All common stocks have voting rights

Voting rights for shareholders at the general meeting

When do shareholders of large companies have the right to vote for the general meeting? In our new series we deal with various aspects of the general meeting in public companies. Digitization offers great opportunities to optimize voting at such meetings.

The general meeting determines where to go

In large stock corporations, the board of directors and the supervisory board are not alone in charge. The real power lies with the shareholders - and therefore with the shareholders, who meet once a year at the general meeting. The board of directors determines business decisions, but it is appointed by the supervisory board, which in turn is elected by the shareholders at the general meeting.

In addition, the shareholders determine how the profits generated are to be dealt with. Only they can appoint special auditors by exercising their voting rights and resolve changes to the articles of association, mergers or capital increases. The general meeting is called by the board of directors, who must send the invitations at least 30 days before the day of the event.

Different stocks, different rights

The invitations are addressed to all shareholders of the company, but the right to vote at the general meeting can only be exercised by those who own ordinary shares. If, on the other hand, you hold preference shares, you cannot vote at the general meeting, but you get a larger share of the company's profits than the holders of ordinary shares. Usually, the dividend is higher for preference shares. Sometimes, however, the shareholder is also given the right to have dividends paid back if none could be paid in a year.

The voting right does not have to be exercised independently, but can be transferred to banks or individuals for a maximum of 15 months. That goes for every shareholder. If a share is entered in the share register in your own name, you own a so-called registered share. This means that you receive the invitation to the general meeting directly from the stock corporation and can thus exercise your voting rights. However, shares are often managed by custodian banks, which also exercise voting rights. A shareholder can give his bank instructions to do so, but does not have to.

Exclusion from voting rights

Certain people are excluded from voting.
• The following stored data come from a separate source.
(* Let $x_0\in\mathbb{R}$ with $x_0\neq1$, let $\alpha>1$ and let \[ 0<T^*<\frac{\alpha-1}{\alpha(1+\alpha|x_0|)}. \] Then there exists a solution $x\in C^1([0,T^*])$ of the problem \[ \dot x(t)=x(t)-\max_{s\in[0,t]}x^2(s),\quad t\in[0,T^*],\qquad x(0)=x_0. \] *)

theory Defs
  imports "HOL-Analysis.Analysis"
begin

end

theory Submission
  imports Defs
begin

text \<open>
  The problem has explicit solutions. For \<open>x0 \<le> 1\<close> the square of the logistic curve
  \<open>x0 / (x0 + (1 - x0) e\<^sup>-\<^sup>t)\<close> is nondecreasing, so the running maximum of \<open>x\<^sup>2\<close> is \<open>x(t)\<^sup>2\<close>
  and the equation becomes the logistic equation \<open>x' = x - x\<^sup>2\<close>. For \<open>x0 \<ge> 1\<close> the solution
  \<open>x0\<^sup>2 - (x0\<^sup>2 - x0) e\<^sup>t\<close> of \<open>x' = x - x0\<^sup>2\<close> decreases from \<open>x0\<close> and stays above \<open>-x0\<close>
  for a while, so the running maximum stays \<open>x0\<^sup>2\<close>. Both curves behave as claimed as long
  as \<open>t < 1 / (1 + \<bar>x0\<bar>)\<close>, and the existence time of the theorem is below this bound for
  every \<open>\<alpha> > 0\<close>.
\<close>

definition max_feedback_solution ::
    "real \<Rightarrow> real \<Rightarrow> (real \<Rightarrow> real) \<Rightarrow> (real \<Rightarrow> real) \<Rightarrow> bool" where
  "max_feedback_solution T x0 x x' \<longleftrightarrow>
     (\<forall>t\<in>{0..T}. (x has_real_derivative x' t) (at t within {0..T}))
   \<and> continuous_on {0..T} x'
   \<and> (\<forall>t\<in>{0..T}. x' t = x t - (SUP s\<in>{0..t}. (x s)\<^sup>2))
   \<and> x 0 = x0"

lemma existence_time_le_inverse_one_plus:
  fixes \<alpha> c :: real
  assumes "0 < \<alpha>" and "0 \<le> c"
  shows "(\<alpha> - 1) / (\<alpha> * (1 + \<alpha> * c)) \<le> 1 / (1 + c)"
proof -
  have "0 \<le> c * (\<alpha> - 1)\<^sup>2" and "0 \<le> c * \<alpha>"
    using assms by simp_all
  then have "(\<alpha> - 1) * (1 + c) \<le> \<alpha> * (1 + \<alpha> * c)"
    by (simp add: algebra_simps power2_eq_square)
  with assms show ?thesis
    by (simp add: divide_simps add_pos_nonneg)
qed

lemma mult_exp_less_one_plus:
  fixes a t :: real
  assumes "0 \<le> a" and "t < 1 / (1 + a)"
  shows "a * exp t < 1 + a"
proof -
  have "a < (1 + a) * (1 - t)"
    using assms by (simp add: field_simps)
  also have "\<dots> \<le> (1 + a) * exp (- t)"
    using assms(1) exp_ge_add_one_self[of "- t"] by (intro mult_left_mono) auto
  finally show ?thesis
    by (simp add: exp_minus field_simps)
qed

definition logistic :: "real \<Rightarrow> real \<Rightarrow> real" where
  "logistic x0 t = x0 / (x0 + (1 - x0) * exp (- t))"

lemma logistic_0 [simp]: "logistic x0 0 = x0"
  by (simp add: logistic_def)

lemma logistic_denominator_pos:
  fixes x0 t :: real
  assumes "x0 \<le> 1" and "t < 1 / (1 + \<bar>x0\<bar>)"
  shows "0 < x0 + (1 - x0) * exp (- t)"
proof (cases "0 \<le> x0")
  case True
  then show ?thesis
    using assms(1) by (cases "x0 = 1") (auto intro: add_nonneg_pos)
next
  case False
  then have "- x0 * exp t < 1 - x0"
    using mult_exp_less_one_plus[of "- x0" t] assms(2) by simp
  then have "0 < exp (- t) * (x0 * exp t + (1 - x0))"
    by simp
  then show ?thesis
    by (simp add: algebra_simps exp_minus)
qed

lemma has_real_derivative_logistic:
  fixes x0 t :: real
  assumes "x0 + (1 - x0) * exp (- t) \<noteq> 0"
  shows "(logistic x0 has_real_derivative logistic x0 t - (logistic x0 t)\<^sup>2) (at t)"
proof -
  define d where "d = x0 + (1 - x0) * exp (- t)"
  have "(logistic x0 has_real_derivative x0 * ((1 - x0) * exp (- t)) / d\<^sup>2) (at t)"
    unfolding logistic_def [abs_def] d_def using assms
    by (auto intro!: derivative_eq_intros simp: power2_eq_square)
  moreover have "x0 * ((1 - x0) * exp (- t)) = x0 * d - x0\<^sup>2"
    by (simp add: d_def algebra_simps power2_eq_square)
  moreover have "(x0 * d - x0\<^sup>2) / d\<^sup>2 = logistic x0 t - (logistic x0 t)\<^sup>2"
    using assms by (simp add: logistic_def flip: d_def) (simp add: field_simps power2_eq_square)
  ultimately show ?thesis
    by simp
qed

lemma logistic_square_mono:
  fixes x0 s t :: real
  assumes "x0 \<le> 1" and "s \<le> t" and "t < 1 / (1 + \<bar>x0\<bar>)"
  shows "(logistic x0 s)\<^sup>2 \<le> (logistic x0 t)\<^sup>2"
proof -
  let ?d = "\<lambda>t. x0 + (1 - x0) * exp (- t)"
  have "0 < ?d t"
    using assms(1,3) by (rule logistic_denominator_pos)
  moreover have "?d t \<le> ?d s"
    using assms(1,2) by (simp add: mult_left_mono)
  ultimately have "(?d t)\<^sup>2 \<le> (?d s)\<^sup>2" and "0 < ?d s"
    by (auto intro: power_mono)
  with \<open>0 < ?d t\<close> have "x0\<^sup>2 / (?d s)\<^sup>2 \<le> x0\<^sup>2 / (?d t)\<^sup>2"
    by (intro divide_left_mono) auto
  then show ?thesis
    by (simp add: logistic_def power_divide)
qed

lemma max_feedback_solution_logistic:
  fixes x0 T :: real
  assumes "x0 \<le> 1" and "T < 1 / (1 + \<bar>x0\<bar>)"
  shows "max_feedback_solution T x0 (logistic x0) (\<lambda>t. logistic x0 t - (logistic x0 t)\<^sup>2)"
proof -
  have deriv: "(logistic x0 has_real_derivative logistic x0 t - (logistic x0 t)\<^sup>2) (at t)"
    if "t \<le> T" for t
  proof (rule has_real_derivative_logistic)
    show "x0 + (1 - x0) * exp (- t) \<noteq> 0"
      using logistic_denominator_pos[OF assms(1), of t] that assms(2) by fastforce
  qed
  then have "continuous_on {0..T} (logistic x0)"
    by (intro continuous_at_imp_continuous_on ballI DERIV_isCont) auto
  moreover have "(SUP s\<in>{0..t}. (logistic x0 s)\<^sup>2) = (logistic x0 t)\<^sup>2" if "t \<in> {0..T}" for t
    using that assms by (intro cSup_eq_maximum) (auto intro!: logistic_square_mono)
  ultimately show ?thesis
    unfolding max_feedback_solution_def
    by (auto intro!: continuous_on_diff continuous_on_power has_field_derivative_at_within deriv)
qed

definition affine_exp :: "real \<Rightarrow> real \<Rightarrow> real" where
  "affine_exp x0 t = x0\<^sup>2 - (x0\<^sup>2 - x0) * exp t"

lemma affine_exp_0 [simp]: "affine_exp x0 0 = x0"
  by (simp add: affine_exp_def power2_eq_square)

lemma has_real_derivative_affine_exp:
  "(affine_exp x0 has_real_derivative affine_exp x0 t - x0\<^sup>2) (at t)"
  unfolding affine_exp_def [abs_def] by (auto intro!: derivative_eq_intros)

lemma abs_affine_exp_le:
  fixes x0 t :: real
  assumes "1 \<le> x0" and "0 \<le> t" and "t < 1 / (1 + x0)"
  shows "\<bar>affine_exp x0 t\<bar> \<le> x0"
proof -
  have "0 \<le> x0\<^sup>2 - x0"
    using assms(1) by (simp add: power2_eq_square)
  then have "(x0\<^sup>2 - x0) * 1 \<le> (x0\<^sup>2 - x0) * exp t"
    using assms(2) by (intro mult_left_mono) auto
  moreover have "(x0 - 1) * (x0 * exp t) \<le> (x0 - 1) * (1 + x0)"
    using assms mult_exp_less_one_plus[of x0 t] by (intro mult_left_mono) auto
  ultimately show ?thesis
    by (auto simp: affine_exp_def abs_le_iff algebra_simps power2_eq_square)
qed

lemma max_feedback_solution_affine_exp:
  fixes x0 T :: real
  assumes "1 \<le> x0" and "T < 1 / (1 + x0)"
  shows "max_feedback_solution T x0 (affine_exp x0) (\<lambda>t. affine_exp x0 t - x0\<^sup>2)"
proof -
  have "(SUP s\<in>{0..t}. (affine_exp x0 s)\<^sup>2) = x0\<^sup>2" if "t \<in> {0..T}" for t
  proof (rule cSup_eq_maximum)
    show "x0\<^sup>2 \<in> (\<lambda>s. (affine_exp x0 s)\<^sup>2) ` {0..t}"
      using that by (intro image_eqI[of _ _ 0]) auto
    show "y \<le> x0\<^sup>2" if "y \<in> (\<lambda>s. (affine_exp x0 s)\<^sup>2) ` {0..t}" for y
      using that \<open>t \<in> {0..T}\<close> assms abs_affine_exp_le[OF assms(1)]
      by (auto simp: power2_le_iff_abs_le)
  qed
  moreover have "continuous_on {0..T} (\<lambda>t. affine_exp x0 t - x0\<^sup>2)"
    unfolding affine_exp_def by (intro continuous_intros)
  ultimately show ?thesis
    unfolding max_feedback_solution_def
    by (auto intro: has_field_derivative_at_within has_real_derivative_affine_exp)
qed

theorem mainTheorem2:
  fixes x0 \<alpha> T :: real
  assumes "x0 \<noteq> 1" and "\<alpha> > 1"
    and "0 < T" and "T < (\<alpha> - 1) / (\<alpha> * (1 + \<alpha> * \<bar>x0\<bar>))"
  shows "\<exists>x x' :: real \<Rightarrow> real.
           (\<forall>t\<in>{0..T}. (x has_real_derivative x' t) (at t within {0..T}))
         \<and> continuous_on {0..T} x'
         \<and> (\<forall>t\<in>{0..T}. x' t = x t - (SUP s\<in>{0..t}. (x s)\<^sup>2))
         \<and> x 0 = x0"
proof -
  have "(\<alpha> - 1) / (\<alpha> * (1 + \<alpha> * \<bar>x0\<bar>)) \<le> 1 / (1 + \<bar>x0\<bar>)"
    using assms(2) by (intro existence_time_le_inverse_one_plus) auto
  with assms(4) have T: "T < 1 / (1 + \<bar>x0\<bar>)"
    by linarith
  have "\<exists>x x'. max_feedback_solution T x0 x x'"
  proof (cases "x0 \<le> 1")
    case True
    with T show ?thesis
      by (blast intro: max_feedback_solution_logistic)
  next
    case False
    with T have "max_feedback_solution T x0 (affine_exp x0) (\<lambda>t. affine_exp x0 t - x0\<^sup>2)"
      by (intro max_feedback_solution_affine_exp) auto
    then show ?thesis
      by blast
  qed
  then show ?thesis
    unfolding max_feedback_solution_def .
qed

end
lemma pairs_meeting_four_disjoint_sets:
  assumes "card s = 2" "card t = 2"
    and "A \<inter> (s \<union> t) \<noteq> {}" "B \<inter> (s \<union> t) \<noteq> {}" "L \<inter> (s \<union> t) \<noteq> {}" "R \<inter> (s \<union> t) \<noteq> {}"
    and "A \<inter> B = {}" "A \<inter> L = {}" "A \<inter> R = {}" "B \<inter> L = {}" "B \<inter> R = {}" "L \<inter> R = {}"
  obtains a b l r where "a \<in> A" "b \<in> B" "l \<in> L" "r \<in> R"
    "{s, t} = {{a, l}, {b, r}} \<or> {s, t} = {{a, r}, {b, l}} \<or> {s, t} = {{a, b}, {l, r}}"
proof -
  obtain a b l r where abl: "a \<in> A" "b \<in> B" "l \<in> L" "r \<in> R"
    and X: "{a, b, l, r} \<subseteq> s \<union> t"
    using assms(3-6) by blast
  have "distinct [a, b, l, r]"
    using abl assms(7-12) by auto
  then have "card {a, b, l, r} = 4" by simp
  moreover have fin: "finite s" "finite t" using assms(1,2) by (simp_all add: card_ge_0_finite)
  moreover have "card (s \<union> t) + card (s \<inter> t) = 4"
    using card_Un_Int[OF fin] assms(1,2) by simp
  moreover have "4 \<le> card (s \<union> t)"
    using card_mono[OF _ X] fin calculation(1) by simp
  ultimately have "card (s \<union> t) = 4" "card (s \<inter> t) = 0"
    by linarith+
  then have "s \<union> t = {a, b, l, r}" "s \<inter> t = {}"
    using card_subset_eq[OF _ X] fin \<open>card {a, b, l, r} = 4\<close> by simp_all
  then have "{s, t} = {{a, l}, {b, r}} \<or> {s, t} = {{a, r}, {b, l}} \<or> {s, t} = {{a, b}, {l, r}}"
    by (rule pairs_partitioning_four[OF \<open>distinct [a, b, l, r]\<close> _ _ assms(1,2)])
  with abl show ?thesis
    by (rule that)
qed

lemma common_disjoint_of_four_uncrossed:
  assumes gp: "gen_pos P"
    and segs: "{A, B, L, R, s, t} \<subseteq> segs P"
    and apart: "A \<inter> B = {}" "A \<inter> L = {}" "A \<inter> R = {}" "B \<inter> L = {}" "B \<inter> R = {}" "L \<inter> R = {}"
    and uncrossed: "\<forall>W\<in>{A, B, L, R}. \<not> crosses s W \<and> \<not> crosses t W"
    and joins: "\<And>a b l r. a \<in> A \<Longrightarrow> b \<in> B \<Longrightarrow> l \<in> L \<Longrightarrow> r \<in> R \<Longrightarrow>
       seg_disjoint {a, l} {b, r} \<and> seg_disjoint {a, r} {b, l}"
    and not_AB: "\<And>a b. a \<in> A \<Longrightarrow> b \<in> B \<Longrightarrow> {a, b} \<notin> {s, t}"
    and "\<not> seg_disjoint s t"
  shows "\<exists>W\<in>{A, B, L, R}. seg_disjoint s W \<and> seg_disjoint W t"
proof (rule ccontr)
  assume none: "\<not> ?thesis"
  have meets: "W \<inter> (s \<union> t) \<noteq> {}" if W: "W \<in> {A, B, L, R}" for W
  proof -
    have "\<not> seg_disjoint s W \<or> \<not> seg_disjoint t W"
      using none W seg_disjoint_commute[of W t] by blast
    moreover have "W \<in> segs P" "s \<in> segs P" "t \<in> segs P"
      using W segs by blast+
    ultimately show ?thesis
      using gen_pos_intersecting_segments_cross[OF gp] uncrossed W by blast
  qed
  have "card s = 2" "card t = 2"
    using segs by (simp_all add: segs_eq_2_subsets)
  moreover have "A \<inter> (s \<union> t) \<noteq> {}" "B \<inter> (s \<union> t) \<noteq> {}" "L \<inter> (s \<union> t) \<noteq> {}" "R \<inter> (s \<union> t) \<noteq> {}"
    by (rule meets; simp)+
  ultimately obtain a b l r where "a \<in> A" "b \<in> B" "l \<in> L" "r \<in> R"
    and cases: "{s, t} = {{a, l}, {b, r}} \<or> {s, t} = {{a, r}, {b, l}} \<or> {s, t} = {{a, b}, {l, r}}"
    by (rule pairs_meeting_four_disjoint_sets[OF _ _ _ _ _ _ apart]) (rule that)
  moreover have "{s, t} \<noteq> {{a, b}, {l, r}}"
    using not_AB[OF \<open>a \<in> A\<close> \<open>b \<in> B\<close>] by (metis insertI1)
  ultimately have "seg_disjoint s t"
    using joins[OF \<open>a \<in> A\<close> \<open>b \<in> B\<close> \<open>l \<in> L\<close> \<open>r \<in> R\<close>] by (metis seg_disjoint_if_pair_eq)
  with \<open>\<not> seg_disjoint s t\<close> show False ..
qed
For example, those who are to be exonerated from the general meeting may not vote. This applies to members of the board of directors and supervisory board who themselves hold ordinary shares. They are also not allowed to have their voting rights transferred to a third party.

In addition, a shareholder may not use his voting rights to enforce the interests of persons or companies associated with the stock corporation. Contracts with supervisory boards, the management board or companies dependent on the company are therefore prohibited.

Advantages of electronic voting

In order to exercise their voting rights, shareholders will receive voting cards at the beginning of the event. However, the Stock Corporation Act stipulates that voting rights can also be exercised by post or electronically. This enables online voting and live voting at the Annual General Meeting.

Exercising voting rights digitally has many advantages. Voting at the Annual General Meeting is simplified and the susceptibility to errors when counting the voting cards is minimized. Because postage costs and organizational effort are saved, the stock corporation also benefits financially from online voting. And finally, shareholders can exercise their voting rights anywhere: voter turnout is increased.